• [YOUR GOAL]:
Look through the entries below and extract exactly the lines from the one containing "set \<Rightarrow> 'v" through the one containing "finite V \<and>", ends included.

BEGIN TASK MATERIAL

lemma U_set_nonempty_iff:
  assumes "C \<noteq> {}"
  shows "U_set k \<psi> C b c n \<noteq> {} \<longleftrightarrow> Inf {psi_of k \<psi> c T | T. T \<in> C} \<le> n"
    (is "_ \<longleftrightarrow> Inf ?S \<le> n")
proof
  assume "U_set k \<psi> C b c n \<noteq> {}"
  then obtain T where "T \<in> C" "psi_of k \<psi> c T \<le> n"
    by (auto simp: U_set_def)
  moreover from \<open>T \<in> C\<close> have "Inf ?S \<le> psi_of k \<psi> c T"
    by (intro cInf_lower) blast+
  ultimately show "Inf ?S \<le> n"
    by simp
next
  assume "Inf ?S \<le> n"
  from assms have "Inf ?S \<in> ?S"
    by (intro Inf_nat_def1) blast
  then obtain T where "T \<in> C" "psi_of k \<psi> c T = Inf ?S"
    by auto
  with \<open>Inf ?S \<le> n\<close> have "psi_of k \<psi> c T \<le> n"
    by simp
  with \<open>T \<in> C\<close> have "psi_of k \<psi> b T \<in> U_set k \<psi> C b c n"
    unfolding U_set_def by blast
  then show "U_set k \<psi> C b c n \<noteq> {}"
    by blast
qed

END TASK MATERIAL
BEGIN TASK MATERIAL

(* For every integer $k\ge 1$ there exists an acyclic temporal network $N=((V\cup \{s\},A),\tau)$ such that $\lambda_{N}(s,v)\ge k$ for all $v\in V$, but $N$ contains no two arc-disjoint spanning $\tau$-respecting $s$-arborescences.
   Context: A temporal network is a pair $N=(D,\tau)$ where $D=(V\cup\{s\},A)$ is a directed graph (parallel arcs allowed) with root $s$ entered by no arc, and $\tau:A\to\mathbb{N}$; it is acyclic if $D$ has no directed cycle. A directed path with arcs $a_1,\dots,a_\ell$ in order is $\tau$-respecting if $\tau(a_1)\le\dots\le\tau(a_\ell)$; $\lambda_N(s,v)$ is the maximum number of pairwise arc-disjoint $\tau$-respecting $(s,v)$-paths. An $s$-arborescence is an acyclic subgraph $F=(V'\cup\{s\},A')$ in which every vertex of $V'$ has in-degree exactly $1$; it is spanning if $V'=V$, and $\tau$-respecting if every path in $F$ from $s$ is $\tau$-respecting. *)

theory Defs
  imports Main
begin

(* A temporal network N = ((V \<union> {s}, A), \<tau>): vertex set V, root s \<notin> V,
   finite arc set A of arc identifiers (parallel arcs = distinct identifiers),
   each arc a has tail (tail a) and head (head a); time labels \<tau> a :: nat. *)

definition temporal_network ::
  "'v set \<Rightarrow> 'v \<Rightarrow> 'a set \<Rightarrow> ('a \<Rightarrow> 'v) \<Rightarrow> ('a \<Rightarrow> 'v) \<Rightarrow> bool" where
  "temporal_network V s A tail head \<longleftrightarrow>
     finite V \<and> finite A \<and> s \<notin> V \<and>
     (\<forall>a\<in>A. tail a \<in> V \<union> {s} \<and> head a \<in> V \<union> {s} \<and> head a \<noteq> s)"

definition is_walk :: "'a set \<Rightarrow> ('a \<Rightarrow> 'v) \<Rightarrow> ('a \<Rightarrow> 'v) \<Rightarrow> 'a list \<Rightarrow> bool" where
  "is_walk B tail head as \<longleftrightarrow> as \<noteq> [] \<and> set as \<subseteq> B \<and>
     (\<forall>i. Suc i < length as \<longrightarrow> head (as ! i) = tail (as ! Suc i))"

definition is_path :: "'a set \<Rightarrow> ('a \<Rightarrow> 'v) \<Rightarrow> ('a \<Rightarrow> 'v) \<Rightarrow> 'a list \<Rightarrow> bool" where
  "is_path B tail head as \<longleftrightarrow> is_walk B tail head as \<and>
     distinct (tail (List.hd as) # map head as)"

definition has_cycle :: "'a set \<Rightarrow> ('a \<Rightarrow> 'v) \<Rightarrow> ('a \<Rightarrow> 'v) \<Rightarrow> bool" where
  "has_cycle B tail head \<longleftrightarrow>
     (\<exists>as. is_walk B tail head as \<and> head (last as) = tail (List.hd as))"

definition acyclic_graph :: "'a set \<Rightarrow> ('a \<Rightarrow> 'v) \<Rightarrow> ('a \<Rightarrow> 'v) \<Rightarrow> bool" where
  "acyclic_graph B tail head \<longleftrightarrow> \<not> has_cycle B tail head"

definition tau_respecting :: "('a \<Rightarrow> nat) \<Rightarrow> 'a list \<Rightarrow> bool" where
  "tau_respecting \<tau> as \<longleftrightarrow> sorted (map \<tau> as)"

END TASK MATERIAL
BEGIN TASK MATERIAL

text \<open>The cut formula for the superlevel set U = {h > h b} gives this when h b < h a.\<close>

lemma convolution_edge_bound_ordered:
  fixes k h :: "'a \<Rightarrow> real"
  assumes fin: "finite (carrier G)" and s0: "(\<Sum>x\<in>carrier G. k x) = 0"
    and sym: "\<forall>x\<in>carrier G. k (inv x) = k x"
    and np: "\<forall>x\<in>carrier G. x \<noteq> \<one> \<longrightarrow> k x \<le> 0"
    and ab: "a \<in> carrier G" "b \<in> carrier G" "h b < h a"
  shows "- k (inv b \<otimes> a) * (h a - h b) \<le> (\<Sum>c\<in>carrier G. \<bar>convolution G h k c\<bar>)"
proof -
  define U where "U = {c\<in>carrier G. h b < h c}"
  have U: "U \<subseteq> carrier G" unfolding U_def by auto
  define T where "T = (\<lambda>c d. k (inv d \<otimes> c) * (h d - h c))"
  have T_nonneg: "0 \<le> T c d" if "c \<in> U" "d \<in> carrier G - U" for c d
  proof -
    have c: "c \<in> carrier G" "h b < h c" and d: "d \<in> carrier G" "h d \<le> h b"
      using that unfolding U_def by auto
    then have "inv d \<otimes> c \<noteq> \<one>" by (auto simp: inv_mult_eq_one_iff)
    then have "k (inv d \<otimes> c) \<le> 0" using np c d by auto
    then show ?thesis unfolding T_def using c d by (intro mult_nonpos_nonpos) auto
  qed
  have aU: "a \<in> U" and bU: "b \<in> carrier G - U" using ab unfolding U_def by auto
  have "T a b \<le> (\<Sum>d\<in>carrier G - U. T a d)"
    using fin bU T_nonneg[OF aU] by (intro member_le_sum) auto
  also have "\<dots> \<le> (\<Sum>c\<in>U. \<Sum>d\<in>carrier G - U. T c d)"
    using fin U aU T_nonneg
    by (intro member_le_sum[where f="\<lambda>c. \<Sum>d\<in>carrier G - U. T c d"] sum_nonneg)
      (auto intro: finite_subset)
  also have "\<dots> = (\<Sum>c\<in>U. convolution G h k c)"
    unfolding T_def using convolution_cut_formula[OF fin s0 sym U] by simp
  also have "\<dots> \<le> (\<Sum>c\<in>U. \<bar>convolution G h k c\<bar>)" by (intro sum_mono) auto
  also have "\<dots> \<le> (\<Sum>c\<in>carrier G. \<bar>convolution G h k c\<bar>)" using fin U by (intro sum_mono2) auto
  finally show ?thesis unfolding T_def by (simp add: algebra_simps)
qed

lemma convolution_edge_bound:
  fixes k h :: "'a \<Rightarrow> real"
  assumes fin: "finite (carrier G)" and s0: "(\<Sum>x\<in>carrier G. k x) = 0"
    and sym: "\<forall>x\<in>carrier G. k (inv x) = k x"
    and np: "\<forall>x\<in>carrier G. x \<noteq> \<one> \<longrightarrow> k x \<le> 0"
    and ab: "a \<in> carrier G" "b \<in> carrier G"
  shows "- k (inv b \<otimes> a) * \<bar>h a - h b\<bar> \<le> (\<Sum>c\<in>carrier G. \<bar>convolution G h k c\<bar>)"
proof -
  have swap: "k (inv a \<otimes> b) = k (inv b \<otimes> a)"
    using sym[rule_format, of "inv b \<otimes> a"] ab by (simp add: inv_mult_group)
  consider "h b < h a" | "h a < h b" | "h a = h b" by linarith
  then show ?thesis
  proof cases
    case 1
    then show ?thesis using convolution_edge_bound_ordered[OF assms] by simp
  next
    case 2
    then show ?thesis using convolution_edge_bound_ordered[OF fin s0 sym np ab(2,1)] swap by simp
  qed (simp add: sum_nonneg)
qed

END TASK MATERIAL

• [RESULT OF THE EXERCISE]:
  "'v set \<Rightarrow> 'v \<Rightarrow> 'a set \<Rightarrow> ('a \<Rightarrow> 'v) \<Rightarrow> ('a \<Rightarrow> 'v) \<Rightarrow> bool" where
  "temporal_network V s A tail head \<longleftrightarrow>
     finite V \<and> finite A \<and> s \<notin> V \<and>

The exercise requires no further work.